Les responsables politiques libanais ont désigné lundi un nouveau Premier ministre, l’ambassadeur en Allemagne Moustapha Adib, sous la pression du président français Emmanuel Macron attendu lundi soir à Beyrouth.
M. Adib, un universitaire de 48 ans relativement inconnu, a été désigné par la majorité des députés au terme de consultations parlementaires tenues au palais présidentiel.
Immédiatement après sa désignation, le nouveau Premier ministre s’est rendu dans un quartier dévasté par l’explosion meurtrière au port de Beyrouth le 4 août, où il a déclaré « vouloir la confiance » de la population.
« L’heure est à l’action », a déclaré le nouveau Premier ministre, s’engageant à former rapidement une équipe formée d’experts et de personnes compétentes, qui mènerait « immédiatement des réformes ».
Mettre en oeuvre des réformes
« La tâche que j’ai acceptée repose sur le fait que toutes les forces politiques (…) sont conscientes de la nécessité de former un gouvernement en un temps record et de commencer à mettre en oeuvre des réformes, avec comme point de départ un accord avec le Fonds monétaire international », a déclaré M. Adib dans un discours télévisé.
M. Macron, dont c’est la deuxième visite au Liban depuis l’explosion, avait pressé les dirigeants libanais de constituer rapidement un « gouvernement de mission » pour sortir le pays de la crise économique et politique.
Moustapha Adib choisi dimanche soir
Moustapha Adib avait été choisi dimanche soir par les poids lourds de la communauté sunnite, dont le chef du gouvernement doit être issu, la présidence allant à un chrétien maronite et la présidence du parlement à un musulman chiite.
Mais ce professeur d’université, proche de l’ancien Premier ministre et milliardaire Najib Mikati, dont il a été le chef de cabinet, devrait être rejeté par le mouvement de contestation populaire.
Hassan Sinno, membre d’un groupe de la société civile, a averti que celle-ci refuserait tout candidat du système.
« Nous ne donnerons pas de temps, comme certains d’entre nous l’ont fait par erreur à Hassan Diab, pour réussir.

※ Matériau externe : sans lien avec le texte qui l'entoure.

(* Let $P$ be a finite poset and $q$ a positive integer such that every chain of $P$ has at most $q$ elements. Then $\Gamma(P,q)$ is the poset with elements $\{(p,k): p\in P,\ 1+\delta(p)\le k\le q-\nu(p)-1\}$ whose covering relations are $(p_1,k_1)\lessdot(p_2,k_2)$ if and only if either (1) $p_1=p_2$ and $k_1=k_2+1$, or (2) $p_1\lessdot p_2$ in $P$ and $k_1+1=k_2$.
   Context: For $p\in P$, $\delta(p)$ (resp. $\nu(p)$) is the number of elements less (resp. greater) than $p$ in a chain of maximum size containing $p$. $\Gamma(P,q)$ is defined as $\Gamma(P,R)$ for the restriction function $R(p)=\{k\in\mathbb{Z}:1+\delta(p)\le k\le q-\nu(p)\}$. For a restriction function $R$ (each $R(p)$ nonempty finite subset of $\mathbb{Z}$), let $R(p)^*=R(p)\setminus\{\max R(p)\}$, $R(p)_{>k}$ (resp. $R(p)_{<k}$) the smallest (resp. largest) element of $R(p)$ greater (resp. less) than $k$. $\Gamma(P,R)$ is the poset on $\{(p,k):p\in P,k\in R(p)^*\}$ whose order is the reflexive–transitive closure of the relation $(p_1,k_1)\lessdot(p_2,k_2)$ (its covering relations), holding iff either (i) $p_1=p_2$ and $R(p_1)_{>k_2}=k_1$; or (ii) $p_1\lessdot p_2$ in $P$, $k_1=R(p_1)_{<k_2}$, $k_1\ne\max R(p_1)$, and no $k\in R(p_2)$ with $k>k_2$ has $R(p_1)_{<k}=k_1$. *)

theory Defs
  imports Main
begin

text \<open>A finite poset P is modelled as a finite carrier set P of a type with a
partial order (the order of P is the induced one).\<close>

definition pchain :: "'a::order set \<Rightarrow> 'a set \<Rightarrow> bool" where
  "pchain P C \<longleftrightarrow> C \<subseteq> P \<and> Complete_Partial_Order.chain (\<le>) C"

definition pcover :: "'a::order set \<Rightarrow> 'a \<Rightarrow> 'a \<Rightarrow> bool" where
  "pcover P x y \<longleftrightarrow> x \<in> P \<and> y \<in> P \<and> x < y \<and> \<not> (\<exists>z\<in>P. x < z \<and> z < y)"

definition maxchain_size :: "'a::order set \<Rightarrow> 'a \<Rightarrow> nat" where
  "maxchain_size P p = Max {card C | C. pchain P C \<and> p \<in> C}"

definition delta :: "'a::order set \<Rightarrow> 'a \<Rightarrow> nat" where
  "delta P p = Max {card {c\<in>C. c < p} | C. pchain P C \<and> p \<in> C \<and> card C = maxchain_size P p}"

definition nu :: "'a::order set \<Rightarrow> 'a \<Rightarrow> nat" where
  "nu P p = Max {card {c\<in>C. p < c} | C. pchain P C \<and> p \<in> C \<and> card C = maxchain_size P p}"

definition is_succ_in :: "int set \<Rightarrow> int \<Rightarrow> int \<Rightarrow> bool" where
  "is_succ_in S k j \<longleftrightarrow> j \<in> S \<and> k < j \<and> (\<forall>i\<in>S. k < i \<longrightarrow> j \<le> i)"

definition is_pred_in :: "int set \<Rightarrow> int \<Rightarrow> int \<Rightarrow> bool" where
  "is_pred_in S k j \<longleftrightarrow> j \<in> S \<and> j < k \<and> (\<forall>i\<in>S. i < k \<longrightarrow> i \<le> j)"

definition Gamma_carrier :: "'a::order set \<Rightarrow> ('a \<Rightarrow> int set) \<Rightarrow> ('a \<times> int) set" where
  "Gamma_carrier P R = {(p, k). p \<in> P \<and> k \<in> R p - {Max (R p)}}"

definition Gamma_gen :: "'a::order set \<Rightarrow> ('a \<Rightarrow> int set) \<Rightarrow> ('a \<times> int) rel" where
  "Gamma_gen P R = {((p1, k1), (p2, k2)).
     (p1, k1) \<in> Gamma_carrier P R \<and> (p2, k2) \<in> Gamma_carrier P R \<and>
     ((p1 = p2 \<and> is_succ_in (R p1) k2 k1) \<or>
      (pcover P p1 p2 \<and> is_pred_in (R p1) k2 k1 \<and> k1 \<noteq> Max (R p1) \<and>
       \<not> (\<exists>k\<in>R p2. k > k2 \<and> is_pred_in (R p1) k k1)))}"

definition Gamma_le :: "'a::order set \<Rightarrow> ('a \<Rightarrow> int set) \<Rightarrow> ('a \<times> int) rel" where
  "Gamma_le P R = (Gamma_gen P R)\<^sup>*"

definition Gamma_cover :: "'a::order set \<Rightarrow> ('a \<Rightarrow> int set) \<Rightarrow> 'a \<times> int \<Rightarrow> 'a \<times> int \<Rightarrow> bool" where
  "Gamma_cover P R x y \<longleftrightarrow> x \<in> Gamma_carrier P R \<and> y \<in> Gamma_carrier P R \<and> x \<noteq> y \<and>
     (x, y) \<in> Gamma_le P R \<and>
     \<not> (\<exists>z\<in>Gamma_carrier P R. z \<noteq> x \<and> z \<noteq> y \<and> (x, z) \<in> Gamma_le P R \<and> (z, y) \<in> Gamma_le P R)"

text \<open>The restriction function for Gamma(P,q).\<close>
definition Rq :: "'a::order set \<Rightarrow> int \<Rightarrow> 'a \<Rightarrow> int set" where
  "Rq P q p = {k. 1 + int (delta P p) \<le> k \<and> k \<le> q - int (nu P p)}"

end

theory Submission
  imports Defs
begin

text \<open>For an interval restriction function R(p) = [lo p, hi p] the next element of R(p) above k
is k + 1 and the previous one below k is k - 1, so the two generating clauses of \<Gamma>(P,R) reduce
to "same p, k drops by one" and "p goes up by a cover, k rises by one". Along any path in
\<Gamma>(P,R) the integer coordinate therefore decreases on vertical steps and increases by exactly one
on each cover step; since a cover of P cannot be reached through an intermediate element, no path
of length two or more joins the ends of a generating step, and the generating steps are exactly
the covers. For \<Gamma>(P,q) the sets R(p) are nonempty because splicing the part below p of a chain
realising \<delta>(p) with the part above p of a chain realising \<nu>(p) gives a chain with
\<delta>(p) + \<nu>(p) + 1 \<le> q elements.\<close>

lemma Max_atLeastAtMost_int: "(lo::int) \<le> hi \<Longrightarrow> Max {lo..hi} = hi"
  by (rule Max_eqI) auto

lemma is_succ_in_atLeastAtMost:
  fixes lo hi k :: int
  assumes "lo \<le> k" and "k < hi"
  shows "is_succ_in {lo..hi} k j \<longleftrightarrow> j = k + 1"
proof
  assume succ: "is_succ_in {lo..hi} k j"
  then have "j \<le> k + 1" using assms unfolding is_succ_in_def by auto
  with succ show "j = k + 1" unfolding is_succ_in_def by auto
qed (use assms in \<open>auto simp: is_succ_in_def\<close>)

lemma is_pred_in_atLeastAtMost:
  fixes lo hi j :: int
  assumes "j < hi"
  shows "is_pred_in {lo..hi} k j \<longleftrightarrow> lo \<le> j \<and> k = j + 1"
proof
  assume pred: "is_pred_in {lo..hi} k j"
  then have "j + 1 \<in> {lo..hi}" using assms unfolding is_pred_in_def by auto
  then have "\<not> j + 1 < k" using pred unfolding is_pred_in_def by force
  with pred show "lo \<le> j \<and> k = j + 1" unfolding is_pred_in_def by auto
qed (use assms in \<open>auto simp: is_pred_in_def\<close>)

locale interval_restriction =
  fixes P :: "'a::order set" and R :: "'a \<Rightarrow> int set" and lo hi :: "'a \<Rightarrow> int"
  assumes R_eq: "p \<in> P \<Longrightarrow> R p = {lo p..hi p}"
    and lo_le_hi: "p \<in> P \<Longrightarrow> lo p \<le> hi p"
begin

lemma Max_R: "p \<in> P \<Longrightarrow> Max (R p) = hi p"
  using Max_atLeastAtMost_int[OF lo_le_hi] R_eq by simp

lemma Gamma_carrier_eq: "Gamma_carrier P R = {(p, k). p \<in> P \<and> lo p \<le> k \<and> k \<le> hi p - 1}"
proof -
  have "k \<in> R p - {Max (R p)} \<longleftrightarrow> lo p \<le> k \<and> k \<le> hi p - 1" if "p \<in> P" for p k
    unfolding Max_R[OF that] by (auto simp: R_eq[OF that])
  then show ?thesis unfolding Gamma_carrier_def by auto
qed

lemma Gamma_gen_iff:
  "((p1, k1), (p2, k2)) \<in> Gamma_gen P R \<longleftrightarrow>
     (p1, k1) \<in> Gamma_carrier P R \<and> (p2, k2) \<in> Gamma_carrier P R \<and>
     ((p1 = p2 \<and> k1 = k2 + 1) \<or> (pcover P p1 p2 \<and> k1 + 1 = k2))"
proof (cases "(p1, k1) \<in> Gamma_carrier P R \<and> (p2, k2) \<in> Gamma_carrier P R")
  case True
  then have "p1 \<in> P" "p2 \<in> P" "lo p1 \<le> k1" "k1 < hi p1" "lo p2 \<le> k2" "k2 < hi p2"
    by (auto simp: Gamma_carrier_eq)
  moreover from \<open>p1 \<in> P\<close> have "R p1 = {lo p1..hi p1}" "Max (R p1) = hi p1"
    by (rule R_eq, rule Max_R)
  ultimately show ?thesis
    unfolding Gamma_gen_def
    by (auto simp: is_succ_in_atLeastAtMost is_pred_in_atLeastAtMost)
qed (auto simp: Gamma_gen_def)

lemma Gamma_gen_irrefl: "(x, x) \<notin> Gamma_gen P R"
  using Gamma_gen_iff[of "fst x" "snd x" "fst x" "snd x"] by (auto simp: pcover_def)

lemma Gamma_le_cases:
  assumes "((p1, k1), (p2, k2)) \<in> Gamma_le P R"
  shows "(p1 = p2 \<and> k2 \<le> k1) \<or> (p1 < p2 \<and> (pcover P p1 p2 \<longrightarrow> k2 \<le> k1 + 1))"
  using assms unfolding Gamma_le_def
proof (induction rule: rtrancl_induct2)
  case (step p k p' k')
  from step.hyps(2) consider "p = p'" "k = k' + 1" | "pcover P p p'" "k + 1 = k'"
    by (auto simp: Gamma_gen_iff)
  then show ?case
  proof cases
    case 2
    then have "p < p'" "p \<in> P" by (auto simp: pcover_def)
    then have "p1 < p \<Longrightarrow> \<not> pcover P p1 p'" by (auto simp: pcover_def)
    with step.IH 2 \<open>p < p'\<close> show ?thesis by auto
  qed (use step.IH in auto)
qed simp

lemma Gamma_cover_iff_Gamma_gen:
  assumes x: "x \<in> Gamma_carrier P R" and y: "y \<in> Gamma_carrier P R"
  shows "Gamma_cover P R x y \<longleftrightarrow> (x, y) \<in> Gamma_gen P R"
proof
  assume cover: "Gamma_cover P R x y"
  then have "(x, y) \<in> (Gamma_gen P R)\<^sup>*" "x \<noteq> y"
    by (auto simp: Gamma_cover_def Gamma_le_def)
  then obtain z where xz: "(x, z) \<in> (Gamma_gen P R)\<^sup>*" and zy: "(z, y) \<in> Gamma_gen P R"
    by (metis rtranclE)
  have "z \<in> Gamma_carrier P R"
    using zy Gamma_gen_iff[of "fst z" "snd z" "fst y" "snd y"] by auto
  moreover have "z \<noteq> y" using zy Gamma_gen_irrefl by metis
  ultimately have "z = x"
    using cover xz zy by (auto simp: Gamma_cover_def Gamma_le_def)
  with zy show "(x, y) \<in> Gamma_gen P R" by simp
next
  assume gen: "(x, y) \<in> Gamma_gen P R"
  obtain p1 k1 p2 k2 where xy: "x = (p1, k1)" "y = (p2, k2)" by fastforce
  have step: "(p1 = p2 \<and> k1 = k2 + 1) \<or> (pcover P p1 p2 \<and> k1 + 1 = k2)"
    using gen by (simp add: xy Gamma_gen_iff)
  have no_between: "z \<notin> Gamma_carrier P R"
    if "z \<noteq> x" "z \<noteq> y" "(x, z) \<in> Gamma_le P R" "(z, y) \<in> Gamma_le P R" for z
  proof
    assume "z \<in> Gamma_carrier P R"
    then have "fst z \<in> P" by (auto simp: Gamma_carrier_eq)
    moreover obtain p k where "z = (p, k)" by fastforce
    ultimately show False
      using step that Gamma_le_cases[of p1 k1 p k] Gamma_le_cases[of p k p2 k2]
      by (auto simp: xy pcover_def)
  qed
  have "x \<noteq> y" using gen Gamma_gen_irrefl by metis
  with x y gen no_between show "Gamma_cover P R x y"
    by (auto simp: Gamma_cover_def Gamma_le_def)
qed

end

lemma Max_image_subsets_attained:
  assumes "finite P" and "\<And>C. Q C \<Longrightarrow> C \<subseteq> P" and "Q C0"
  shows "\<exists>C. Q C \<and> f C = Max {f C | C. Q C}"
proof -
  have "{C. Q C} \<subseteq> Pow P" using assms(2) by blast
  then have "finite (f ` {C. Q C})" using assms(1) by (meson finite_Pow_iff finite_imageI finite_subset)
  moreover have "f ` {C. Q C} \<noteq> {}" using assms(3) by blast
  ultimately have "Max (f ` {C. Q C}) \<in> f ` {C. Q C}" by (rule Max_in)
  then show ?thesis by (auto simp: image_Collect)
qed

lemma maximum_chain_through:
  assumes "finite P" and "p \<in> P"
  shows "\<exists>C. pchain P C \<and> p \<in> C \<and> card C = maxchain_size P p"
proof -
  have "pchain P {p}" using assms(2) by (simp add: pchain_def chain_def)
  then show ?thesis
    using Max_image_subsets_attained[of P "\<lambda>C. pchain P C \<and> p \<in> C" "{p}" card] assms(1)
    by (auto simp: maxchain_size_def pchain_def)
qed

lemma Max_over_maximum_chains_attained:
  assumes "finite P" and "p \<in> P"
  shows "\<exists>C. pchain P C \<and>
    f C = Max {f C | C. pchain P C \<and> p \<in> C \<and> card C = maxchain_size P p}"
proof -
  obtain C0 where "pchain P C0 \<and> p \<in> C0 \<and> card C0 = maxchain_size P p"
    using maximum_chain_through[OF assms] by blast
  from Max_image_subsets_attained[OF assms(1), where Q = "\<lambda>C. pchain P C \<and> p \<in> C \<and>
      card C = maxchain_size P p" and f = f, OF _ this] show ?thesis
    by (auto simp: pchain_def)
qed

lemma pchain_splice:
  assumes "pchain P C1" and "pchain P C2" and "p \<in> P"
  shows "pchain P ({c \<in> C1. c < p} \<union> {p} \<union> {c \<in> C2. p < c})"
proof -
  have "x \<le> y \<or> y \<le> x" if "x \<in> C1" "y \<in> C1" for x y
    using assms(1) that by (auto simp: pchain_def chain_def)
  moreover have "x \<le> y \<or> y \<le> x" if "x \<in> C2" "y \<in> C2" for x y
    using assms(2) that by (auto simp: pchain_def chain_def)
  ultimately show ?thesis
    using assms by (auto simp: pchain_def chain_def intro: order.strict_implies_order less_trans)
qed

lemma chain_of_card_delta_nu:
  assumes "finite P" and "p \<in> P"
  shows "\<exists>C. pchain P C \<and> card C = delta P p + nu P p + 1"
proof -
  obtain C1 where C1: "pchain P C1" "card {c \<in> C1. c < p} = delta P p"
    using Max_over_maximum_chains_attained[OF assms, of "\<lambda>C. card {c \<in> C. c < p}"]
    unfolding delta_def by blast
  obtain C2 where C2: "pchain P C2" "card {c \<in> C2. p < c} = nu P p"
    using Max_over_maximum_chains_attained[OF assms, of "\<lambda>C. card {c \<in> C. p < c}"]
    unfolding nu_def by blast
  have "finite C1" "finite C2"
    using C1(1) C2(1) assms(1) by (auto simp: pchain_def intro: finite_subset)
  then have "card ({c \<in> C1. c < p} \<union> {p} \<union> {c \<in> C2. p < c}) = delta P p + nu P p + 1"
    using C1(2) C2(2) by (subst card_Un_disjoint; auto)+
  with pchain_splice[OF C1(1) C2(1) assms(2)] show ?thesis by blast
qed

lemma delta_nu_bound:
  assumes "finite P" and "p \<in> P" and "\<forall>C. pchain P C \<longrightarrow> int (card C) \<le> q"
  shows "1 + int (delta P p) \<le> q - int (nu P p)"
  using chain_of_card_delta_nu[OF assms(1,2)] assms(3) by force

theorem corollary2p22:
  fixes P :: "'a::order set" and q :: int
  assumes "finite P" and "q > 0"
    and "\<forall>C. pchain P C \<longrightarrow> int (card C) \<le> q"
  shows "Gamma_carrier P (Rq P q) =
           {(p, k). p \<in> P \<and> 1 + int (delta P p) \<le> k \<and> k \<le> q - int (nu P p) - 1}
       \<and> (\<forall>x\<in>Gamma_carrier P (Rq P q). \<forall>y\<in>Gamma_carrier P (Rq P q).
            Gamma_cover P (Rq P q) x y \<longleftrightarrow>
              ((fst x = fst y \<and> snd x = snd y + 1) \<or>
               (pcover P (fst x) (fst y) \<and> snd x + 1 = snd y)))"
proof -
  interpret interval_restriction P "Rq P q" "\<lambda>p. 1 + int (delta P p)" "\<lambda>p. q - int (nu P p)"
    by unfold_locales
      (auto simp: Rq_def atLeastAtMost_def intro: delta_nu_bound[OF assms(1) _ assms(3)])
  show ?thesis
    using Gamma_carrier_eq Gamma_cover_iff_Gamma_gen Gamma_gen_iff by auto
qed

end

Nous n’avons plus le luxe du temps », a-t-il déclaré à l’AFP.
L’ancien Premier ministre, Hassan Diab, nommé par les partis au pouvoir, a démissionné le 10 août, après l’explosion qui a fait au moins 188 morts et dévasté des quartiers entiers de la capitale.
Le drame, dû à la présence d’une énorme quantité de nitrate d’ammonium au port de Beyrouth au vu et au su des responsables, a alimenté la colère de la population, qui accuse la classe politique de négligence et corruption.
M. Macron, comme les autres responsables étrangers qui se sont succédés à Beyrouth depuis, a souligné la nécessité de réformes en profondeur. Il souhaite « un gouvernement de mission, propre, efficace, capable de mettre en oeuvre les réformes nécessaires au Liban », selon une source de l’Elysée.
M. Adib a obtenu l’aval des principaux blocs parlementaires. Seul le parti chrétien des Forces libanaises, qui a basculé dans l’opposition depuis le soulèvement populaire d’octobre 2019, a nommé l’indépendant Nawaf Salam, ancien ambassadeur à l’ONU soutenu par la contestation.
Le président français, attendu lundi soir à Beyrouth, se dirigera au domicile de la chanteuse iconique Fairouz, rare symbole d’unité d’un pays fragmenté. Mardi, il doit rencontrer les responsables politiques.
La classe politique parle d’un Etat laïc
Il avait évoqué vendredi les « contraintes d’un système confessionnel » qui ont conduit « à une situation où il n’y a quasiment plus de renouvellement (politique) ».
Dimanche, le président Aoun, 85 ans, sourd jusque-là aux appels à réformer, a reconnu dans un discours à l’occasion du centenaire du Liban, célébré mardi, la nécessité de changer le système politique. De plus en plus conspué depuis la catastrophe du 4 août, il a même appelé à proclamer un « Etat laïc ».
Quelques heures plus tôt, le chef du puissant Hezbollah, Hassan Nasrallah, s’était dit prêt à discuter d’un nouveau « pacte politique » au Liban, où les communautés religieuses se répartissent le pouvoir.
Mais certains estiment qu’il s’agit d’annonces de pure forme à l’occasion de la visite de M. Macron.
« Quand la classe politique parle d’un Etat laïc, ça me fait penser au diable qui prône la vertu, cela n’a pas de sens », affirme Hilal Khashan, professeur de Sciences politiques à l’Université américaine de Beyrouth.
La nomination de M. Adib « ne va pas inaugurer une nouvelle ère dans l’histoire du Liban et je ne crois pas qu’elle va placer le Liban sur la route d’un véritable développement politique », poursuit-il.